Entre os encontros, estão compromissos com a JBS, CNI e Nelson Wilians, todos envolvidos em processos no Supremo
O presidente do Supremo Tribunal Federal (STF), Luís Roberto Barroso, participou em maio de pelo menos seis eventos organizados ou financiados por empresas, escritórios e grupos com interesses diretos em processos que tramitam na Corte. A agenda, que incluiu compromissos no Brasil e no exterior, reacendeu o debate sobre a proximidade entre ministros do Supremo e partes interessadas nas decisões do tribunal.
A movimentação se intensificou com uma viagem a Nova York na semana do dia 12, quando Barroso participou de três eventos. Um deles foi promovido pelo jornal Valor Econômico e teve a JBS como patrocinadora master. A gigante do setor de carnes, controlada pelos irmãos Wesley e Joesley Batista, acompanha de perto ações que correm no STF. Wesley Batista esteve presente no evento, apesar de não ter sido palestrante.
A JBS, envolvida em desdobramentos da Lava Jato, responde por diversos processos no Supremo. Um deles envolve a suspensão, por decisão do ministro Dias Toffoli, do pagamento de R$ 10,3 bilhões no acordo de leniência firmado com o MPF no âmbito da Operação Greenfield. Em outro caso, também decidido por Toffoli, foi trancado um inquérito que investigava o diretor jurídico da empresa por suposta difamação contra um procurador da República. A JBS não quis comentar os episódios.
Ainda em Nova York, Barroso participou de outros dois eventos, um organizado pela Lide Brasil e outro pela revista Veja. Juntos, os encontros reuniram 30 patrocinadores e apoiadores, dois deles também com interesses em causas em andamento no STF.
De volta ao Brasil, a agenda seguiu com duas palestras sobre inteligência artificial, tema de livro recente do ministro. Um dos encontros aconteceu na casa de Fernando Cavalcanti, então vice-presidente do Nelson Wilians Advogados, escritório com dezenas de ações no STF. O evento, segundo nota do escritório, foi promovido pela revista GPS e não teve financiamento institucional do grupo, que reforçou que “iniciativas de natureza pessoal não se confundem com a atuação institucional”.
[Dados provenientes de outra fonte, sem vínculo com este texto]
(* Let $P,N>0$ and $L\in\mathbb{Z}_{\ge2}$. For each $n$ let $\mathcal{D}=\mathcal{D}_n$ be a probability distribution supported on $\mathcal{B}^n(\sqrt{nP})$, and let $x_1,\dots,x_L$ be i.i.d. with law $\mathcal{D}$. Suppose $E(P,N,L)$ and $\overline{E}(P,N,L)$ are real numbers with $$E(P,N,L)\le\lim_{n\to\infty}-\frac1n\ln\Pr\left[\mathrm{rad}^2(x_1,\dots,x_L)\le nN\right],\qquad \overline{E}(P,N,L)\le\lim_{n\to\infty}-\frac1n\ln\Pr\left[\overline{\mathrm{rad}}^2(x_1,\dots,x_L)\le nN\right].$$ Then $$C_{L-1}(P,N)\ge\frac{E(P,N,L)}{L-1},\qquad \overline{C}_{L-1}(P,N)\ge\frac{\overline{E}(P,N,L)}{L-1}.$$
   Context: $\mathcal{B}^n(y,r)$ is the closed Euclidean ball of radius $r$ centered at $y$; $\mathcal{B}^n(r)=\mathcal{B}^n(0,r)$. For $x_1,\dots,x_L\in\mathbb{R}^n$: the squared Chebyshev radius is $\mathrm{rad}^2(x_1,\dots,x_L)=\min_{y\in\mathbb{R}^n}\max_i\|x_i-y\|_2^2$; the average squared radius is $\overline{\mathrm{rad}}^2(x_1,\dots,x_L)=\frac1L\sum_i\|x_i-\bar x\|_2^2$ with $\bar x=\frac1L\sum_ix_i$. A finite $\mathcal{C}\subseteq\mathcal{B}^n(\sqrt{nP})$ is $(P,N,L-1)$-list-decodable if $|\mathcal{C}\cap\mathcal{B}^n(y,\sqrt{nN})|\le L-1$ for all $y\in\mathbb{R}^n$ (equivalently every $L$ distinct points have $\mathrm{rad}^2>nN$), and $(P,N,L-1)$-average-radius list-decodable if every $L$ distinct points have $\overline{\mathrm{rad}}^2>nN$. Rate $R(\mathcal{C})=\frac1n\ln|\mathcal{C}|$. $C_{L-1}(P,N)$ (resp. $\overline{C}_{L-1}(P,N)$) is $\limsup_{n\to\infty}$ of the supremum of $R(\mathcal{C})$ over $(P,N,L-1)$-list-decodable (resp. average-radius list-decodable) codes $\mathcal{C}\subseteq\mathcal{B}^n(\sqrt{nP})$. *)

theory Defs
  imports "HOL-Probability.Probability"
begin

text \<open>Vectors of R^n are represented as extensional functions on {..<n},
  i.e. elements of PiE {..<n} UNIV (the space of the product measure
  PiM {..<n} lborel). A tuple (x_1,...,x_L) is a function on {..<L}.\<close>

definition Rn :: "nat \<Rightarrow> (nat \<Rightarrow> real) set" where
  "Rn n = ({..<n} \<rightarrow>\<^sub>E (UNIV :: real set))"

definition sqnorm :: "nat \<Rightarrow> (nat \<Rightarrow> real) \<Rightarrow> real" where
  "sqnorm n x = (\<Sum>i<n. (x i)\<^sup>2)"

definition rball :: "nat \<Rightarrow> (nat \<Rightarrow> real) \<Rightarrow> real \<Rightarrow> (nat \<Rightarrow> real) set" where
  "rball n y r = {x \<in> Rn n. sqrt (sqnorm n (\<lambda>i. x i - y i)) \<le> r}"

definition cheb_rad2 :: "nat \<Rightarrow> nat \<Rightarrow> (nat \<Rightarrow> nat \<Rightarrow> real) \<Rightarrow> real" where
  "cheb_rad2 n L x = (INF y \<in> Rn n. Max ((\<lambda>i. sqnorm n (\<lambda>j. x i j - y j)) ` {..<L}))"

definition avg_rad2 :: "nat \<Rightarrow> nat \<Rightarrow> (nat \<Rightarrow> nat \<Rightarrow> real) \<Rightarrow> real" where
  "avg_rad2 n L x =
     (let xbar = (\<lambda>j. (\<Sum>i<L. x i j) / real L)
      in (\<Sum>i<L. sqnorm n (\<lambda>j. x i j - xbar j)) / real L)"

definition list_decodable :: "nat \<Rightarrow> real \<Rightarrow> real \<Rightarrow> nat \<Rightarrow> (nat \<Rightarrow> real) set \<Rightarrow> bool" where
  "list_decodable n P N L C \<longleftrightarrow> finite C \<and> C \<subseteq> rball n (\<lambda>_. 0) (sqrt (real n * P)) \<and>
     (\<forall>y \<in> Rn n. card (C \<inter> rball n y (sqrt (real n * N))) \<le> L - 1)"

definition avg_list_decodable :: "nat \<Rightarrow> real \<Rightarrow> real \<Rightarrow> nat \<Rightarrow> (nat \<Rightarrow> real) set \<Rightarrow> bool" where
  "avg_list_decodable n P N L C \<longleftrightarrow> finite C \<and> C \<subseteq> rball n (\<lambda>_. 0) (sqrt (real n * P)) \<and>
     (\<forall>x. (\<forall>i<L. x i \<in> C) \<and> inj_on x {..<L} \<longrightarrow> avg_rad2 n L x > real n * N)"

definition code_rate :: "nat \<Rightarrow> (nat \<Rightarrow> real) set \<Rightarrow> real" where
  "code_rate n C = ln (real (card C)) / real n"

text \<open>C_{L-1}(P,N) and its average-radius variant, as extended reals.\<close>
definition list_capacity :: "real \<Rightarrow> real \<Rightarrow> nat \<Rightarrow> ereal" where
  "list_capacity P N L =
     limsup (\<lambda>n. SUP C \<in> {C. list_decodable n P N L C}. ereal (code_rate n C))"

definition avg_list_capacity :: "real \<Rightarrow> real \<Rightarrow> nat \<Rightarrow> ereal" where
  "avg_list_capacity P N L =
     limsup (\<lambda>n. SUP C \<in> {C. avg_list_decodable n P N L C}. ereal (code_rate n C))"

definition neg_log_rate :: "nat \<Rightarrow> real \<Rightarrow> ereal" where
  "neg_log_rate n p = (if p = 0 then \<infinity> else ereal (- ln p / real n))"

end

theory Submission
  imports Defs
begin

text \<open>Random coding with expurgation. Draw m \<approx> exp (n e) codewords i.i.d. from D. Any injective
  choice of L of them is an i.i.d. L-tuple, so the expected number of such choices with radius at
  most n N is at most m^L p, where p decays like exp (- n E); for (L - 1) e < E this is at most m/2.
  Deleting one codeword from every bad choice leaves m/2 indices without bad choices. Constant
  tuples have radius 0, so no value repeats L times among the survivors, which therefore carry at
  least m / (2 (L - 1)) distinct codewords, any L of which have radius above n N. This gives rate
  e for every e < E / (L - 1). Measurability of the Chebyshev radius comes from taking the
  infimum over rational centres only.\<close>

section \<open>Radii of L-tuples\<close>

definition max_sqdist :: "nat \<Rightarrow> nat \<Rightarrow> (nat \<Rightarrow> nat \<Rightarrow> real) \<Rightarrow> (nat \<Rightarrow> real) \<Rightarrow> real" where
  "max_sqdist n L x y = Max ((\<lambda>i. sqnorm n (\<lambda>j. x i j - y j)) ` {..<L})"

lemma cheb_rad2_eq_INF_max_sqdist: "cheb_rad2 n L x = (INF y \<in> Rn n. max_sqdist n L x y)"
  unfolding cheb_rad2_def max_sqdist_def ..

lemma sqnorm_nonneg: "0 \<le> sqnorm n v"
  unfolding sqnorm_def by (intro sum_nonneg) auto

lemma sqnorm_le_max_sqdist: "i < L \<Longrightarrow> sqnorm n (\<lambda>j. x i j - y j) \<le> max_sqdist n L x y"
  unfolding max_sqdist_def by (intro Max_ge) auto

lemma max_sqdist_le_iff:
  "0 < L \<Longrightarrow> max_sqdist n L x y \<le> c \<longleftrightarrow> (\<forall>i<L. sqnorm n (\<lambda>j. x i j - y j) \<le> c)"
  unfolding max_sqdist_def by (subst Max_le_iff) auto

lemma max_sqdist_nonneg: "0 < L \<Longrightarrow> 0 \<le> max_sqdist n L x y"
  using sqnorm_le_max_sqdist[of 0 L n x y] sqnorm_nonneg[of n "\<lambda>j. x 0 j - y j"] by linarith

lemma bdd_below_max_sqdist: "0 < L \<Longrightarrow> bdd_below (max_sqdist n L x ` A)"
  using max_sqdist_nonneg by (intro bdd_belowI[of _ 0]) auto

lemma cheb_rad2_le_max_sqdist: "0 < L \<Longrightarrow> y \<in> Rn n \<Longrightarrow> cheb_rad2 n L x \<le> max_sqdist n L x y"
  unfolding cheb_rad2_eq_INF_max_sqdist by (rule cINF_lower[OF bdd_below_max_sqdist])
A banca jurídica, porém, é parte ativa em pelo menos sete processos no Supremo, todos relacionados à tentativa de derrubada de decisões da Justiça do Trabalho que reconheceram vínculo empregatício entre ex-funcionários e empresas. Até agora, a Nelson Wilians recebeu decisões favoráveis em todos.
A agenda de Barroso em maio se encerrou com participação em evento da Confederação Nacional da Indústria (CNI), no dia 26. A entidade figura em cerca de 30 ações no STF, incluindo uma em que contesta a cobrança adicional para custear aposentadoria especial de trabalhadores expostos a ruído excessivo no ambiente laboral.
Apesar das críticas, o STF nega qualquer conflito de interesses. Em nota, a Corte afirmou que o ministro apenas cumpre sua função institucional de dialogar com diferentes segmentos sociais, incluindo empresários, advogados e movimentos indígenas. Barroso, por sua vez, minimizou as críticas.
“No Brasil existem duas grandes categorias de pessoas: as que fazem alguma coisa e as que têm razão. Portanto, a gente tem que continuar fazendo e deixar parado as que têm razão e precisam vender jornal falando bobagem”.